■ **Problem requirements**
The records that follow must be transcribed exactly, each one in full.

Saved data entries:
---+---
lemma thue_choosable_cube_root_bound:
  assumes "simple_graph V E" and "\<And>v. v \<in> V \<Longrightarrow> degree E v \<le> d" and "1 \<le> d"
  defines "t \<equiv> real d powr (1 / 3)"
  shows "thue_choosable E (nat \<lceil>t ^ 6 + 43 / 18 * t ^ 5 + 8 / 3 * t ^ 4 + 2 * t ^ 3\<rceil>)"
proof -
  have t: "0 < t" using assms(3) by (simp add: t_def)
  define \<beta> where "\<beta> = t ^ 6 + 3 / 2 * t ^ 5"
  have d: "real d ^ 2 = t ^ 6" "real d = t ^ 3"
    using assms(3) by (simp_all add: t_def cube_root_power powr_realpow)
  show ?thesis
  proof (rule thue_choosable_if_large_lists[OF assms(1,2)])
    show "real d ^ 2 < \<beta>" using choosability_bound_at(1)[OF t] by (simp add: d \<beta>_def)
    show "\<beta> + 2 * real d / (1 - real d ^ 2 / \<beta>) ^ 2
        \<le> real (nat \<lceil>t ^ 6 + 43 / 18 * t ^ 5 + 8 / 3 * t ^ 4 + 2 * t ^ 3\<rceil>)"
      unfolding d(1) unfolding d(2) \<beta>_def choosability_bound_at(2)[OF t] by (rule real_nat_ceiling_ge)
  qed
qed

lemma two_powr_four_thirds_ge: "43 / 18 \<le> (2 :: real) powr (4 / 3)"
proof (rule ccontr)
  assume "\<not> ?thesis"
  hence "(2 powr (4 / 3)) ^ 3 < (43 / 18 :: real) ^ 3"
    by (intro power_strict_mono) auto
  moreover have "(2 powr (4 / 3)) ^ 3 = (16 :: real)" by (simp add: powr_power)
  ultimately show False by (simp add: power3_eq_cube)
qed

lemma cube_root_polynomial_le:
  fixes t :: real
  assumes t: "1 \<le> t"
  shows "t ^ 6 + 43 / 18 * t ^ 5 + 8 / 3 * t ^ 4 + 2 * t ^ 3 + 1 \<le> t ^ 6 + 2 powr (4 / 3) * t ^ 5 + 6 * t ^ 4"
proof -
  have "t ^ 3 \<le> t ^ 4" "1 \<le> t ^ 4" using t by (simp_all add: power_increasing)
  moreover have "43 / 18 * t ^ 5 \<le> 2 powr (4 / 3) * t ^ 5"
    using two_powr_four_thirds_ge t by (simp add: mult_right_mono)
  ultimately show ?thesis by linarith
qed

lemma thue_choice_index_le:
  assumes G: "simple_graph V E" and deg: "\<And>v. v \<in> V \<Longrightarrow> degree E v \<le> d" and d: "1 \<le> d"
  shows "real (thue_choice_index E)
    \<le> real d ^ 2 + 2 powr (4 / 3) * real d powr (5 / 3) + 6 * real d powr (4 / 3)"
proof -
  define t where "t = real d powr (1 / 3)"
  let ?P = "t ^ 6 + 43 / 18 * t ^ 5 + 8 / 3 * t ^ 4 + 2 * t ^ 3"
  have t: "1 \<le> t" using d by (simp add: t_def ge_one_powr_ge_zero)
  have "thue_choice_index E \<le> nat \<lceil>?P\<rceil>"
    unfolding thue_choice_index_def t_def by (rule Least_le, rule thue_choosable_cube_root_bound[OF G deg d])
  hence "real (thue_choice_index E) \<le> real (nat \<lceil>?P\<rceil>)" by simp
  also have "\<dots> = of_int \<lceil>?P\<rceil>"
  proof (intro of_nat_nat)
    have "0 < ?P" using t by (simp add: add_pos_pos)
    thus "0 \<le> \<lceil>?P\<rceil>" by simp
  qed
  also have "\<dots> \<le> ?P + 1" by (rule of_int_ceiling_le_add_one)
  also have "\<dots> \<le> t ^ 6 + 2 powr (4 / 3) * t ^ 5 + 6 * t ^ 4" by (rule cube_root_polynomial_le[OF t])
  also have "\<dots> = real d ^ 2 + 2 powr (4 / 3) * real d powr (5 / 3) + 6 * real d powr (4 / 3)"
    using d by (simp add: t_def cube_root_power powr_realpow)
  finally show ?thesis .
qed

lemma degree_le_max_degree: "finite V \<Longrightarrow> v \<in> V \<Longrightarrow> degree E v \<le> max_degree V E"
  by (simp add: max_degree_def)

theorem theorem6:
  shows "\<exists>f :: nat \<Rightarrow> real. f \<in> O[at_top](\<lambda>d. real d powr (4/3)) \<and>
    (\<forall>(V :: nat set) (E :: nat set set). simple_graph V E \<longrightarrow> max_degree V E \<ge> 3 \<longrightarrow>
       real (thue_choice_index E) \<le> real (max_degree V E) ^ 2
         + 2 powr (4/3) * real (max_degree V E) powr (5/3) + f (max_degree V E))"
proof (intro exI conjI allI impI)
  show "(\<lambda>d. 6 * real d powr (4 / 3)) \<in> O[at_top](\<lambda>d. real d powr (4 / 3))" by simp
next
  fix V :: "nat set" and E :: "nat set set"
  assume G: "simple_graph V E" and "3 \<le> max_degree V E"
  moreover have "\<And>v. v \<in> V \<Longrightarrow> degree E v \<le> max_degree V E"
    using G by (simp add: degree_le_max_degree simple_graph_def)
  ultimately show "real (thue_choice_index E) \<le> real (max_degree V E) ^ 2
      + 2 powr (4 / 3) * real (max_degree V E) powr (5 / 3) + 6 * real (max_degree V E) powr (4 / 3)"
    by (intro thue_choice_index_le) auto
qed

end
---+---
■ **Answer box**
lemma thue_choosable_cube_root_bound:
  assumes "simple_graph V E" and "\<And>v. v \<in> V \<Longrightarrow> degree E v \<le> d" and "1 \<le> d"
  defines "t \<equiv> real d powr (1 / 3)"
  shows "thue_choosable E (nat \<lceil>t ^ 6 + 43 / 18 * t ^ 5 + 8 / 3 * t ^ 4 + 2 * t ^ 3\<rceil>)"
proof -
  have t: "0 < t" using assms(3) by (simp add: t_def)
  define \<beta> where "\<beta> = t ^ 6 + 3 / 2 * t ^ 5"
  have d: "real d ^ 2 = t ^ 6" "real d = t ^ 3"
    using assms(3) by (simp_all add: t_def cube_root_power powr_realpow)
  show ?thesis
  proof (rule thue_choosable_if_large_lists[OF assms(1,2)])
    show "real d ^ 2 < \<beta>" using choosability_bound_at(1)[OF t] by (simp add: d \<beta>_def)
    show "\<beta> + 2 * real d / (1 - real d ^ 2 / \<beta>) ^ 2
        \<le> real (nat \<lceil>t ^ 6 + 43 / 18 * t ^ 5 + 8 / 3 * t ^ 4 + 2 * t ^ 3\<rceil>)"
      unfolding d(1) unfolding d(2) \<beta>_def choosability_bound_at(2)[OF t] by (rule real_nat_ceiling_ge)
  qed
qed

lemma two_powr_four_thirds_ge: "43 / 18 \<le> (2 :: real) powr (4 / 3)"
proof (rule ccontr)
  assume "\<not> ?thesis"
  hence "(2 powr (4 / 3)) ^ 3 < (43 / 18 :: real) ^ 3"
    by (intro power_strict_mono) auto
  moreover have "(2 powr (4 / 3)) ^ 3 = (16 :: real)" by (simp add: powr_power)
  ultimately show False by (simp add: power3_eq_cube)
qed

lemma cube_root_polynomial_le:
  fixes t :: real
  assumes t: "1 \<le> t"
  shows "t ^ 6 + 43 / 18 * t ^ 5 + 8 / 3 * t ^ 4 + 2 * t ^ 3 + 1 \<le> t ^ 6 + 2 powr (4 / 3) * t ^ 5 + 6 * t ^ 4"
proof -
  have "t ^ 3 \<le> t ^ 4" "1 \<le> t ^ 4" using t by (simp_all add: power_increasing)
  moreover have "43 / 18 * t ^ 5 \<le> 2 powr (4 / 3) * t ^ 5"
    using two_powr_four_thirds_ge t by (simp add: mult_right_mono)
  ultimately show ?thesis by linarith
qed

lemma thue_choice_index_le:
  assumes G: "simple_graph V E" and deg: "\<And>v. v \<in> V \<Longrightarrow> degree E v \<le> d" and d: "1 \<le> d"
  shows "real (thue_choice_index E)
    \<le> real d ^ 2 + 2 powr (4 / 3) * real d powr (5 / 3) + 6 * real d powr (4 / 3)"
proof -
  define t where "t = real d powr (1 / 3)"
  let ?P = "t ^ 6 + 43 / 18 * t ^ 5 + 8 / 3 * t ^ 4 + 2 * t ^ 3"
  have t: "1 \<le> t" using d by (simp add: t_def ge_one_powr_ge_zero)
  have "thue_choice_index E \<le> nat \<lceil>?P\<rceil>"
    unfolding thue_choice_index_def t_def by (rule Least_le, rule thue_choosable_cube_root_bound[OF G deg d])
  hence "real (thue_choice_index E) \<le> real (nat \<lceil>?P\<rceil>)" by simp
  also have "\<dots> = of_int \<lceil>?P\<rceil>"
  proof (intro of_nat_nat)
    have "0 < ?P" using t by (simp add: add_pos_pos)
    thus "0 \<le> \<lceil>?P\<rceil>" by simp
  qed
  also have "\<dots> \<le> ?P + 1" by (rule of_int_ceiling_le_add_one)
  also have "\<dots> \<le> t ^ 6 + 2 powr (4 / 3) * t ^ 5 + 6 * t ^ 4" by (rule cube_root_polynomial_le[OF t])
  also have "\<dots> = real d ^ 2 + 2 powr (4 / 3) * real d powr (5 / 3) + 6 * real d powr (4 / 3)"
    using d by (simp add: t_def cube_root_power powr_realpow)
  finally show ?thesis .
qed

lemma degree_le_max_degree: "finite V \<Longrightarrow> v \<in> V \<Longrightarrow> degree E v \<le> max_degree V E"
  by (simp add: max_degree_def)

theorem theorem6:
  shows "\<exists>f :: nat \<Rightarrow> real. f \<in> O[at_top](\<lambda>d. real d powr (4/3)) \<and>
    (\<forall>(V :: nat set) (E :: nat set set). simple_graph V E \<longrightarrow> max_degree V E \<ge> 3 \<longrightarrow>
       real (thue_choice_index E) \<le> real (max_degree V E) ^ 2
         + 2 powr (4/3) * real (max_degree V E) powr (5/3) + f (max_degree V E))"
proof (intro exI conjI allI impI)
  show "(\<lambda>d. 6 * real d powr (4 / 3)) \<in> O[at_top](\<lambda>d. real d powr (4 / 3))" by simp
next
  fix V :: "nat set" and E :: "nat set set"
  assume G: "simple_graph V E" and "3 \<le> max_degree V E"
  moreover have "\<And>v. v \<in> V \<Longrightarrow> degree E v \<le> max_degree V E"
    using G by (simp add: degree_le_max_degree simple_graph_def)
  ultimately show "real (thue_choice_index E) \<le> real (max_degree V E) ^ 2
      + 2 powr (4 / 3) * real (max_degree V E) powr (5 / 3) + 6 * real (max_degree V E) powr (4 / 3)"
    by (intro thue_choice_index_le) auto
qed

end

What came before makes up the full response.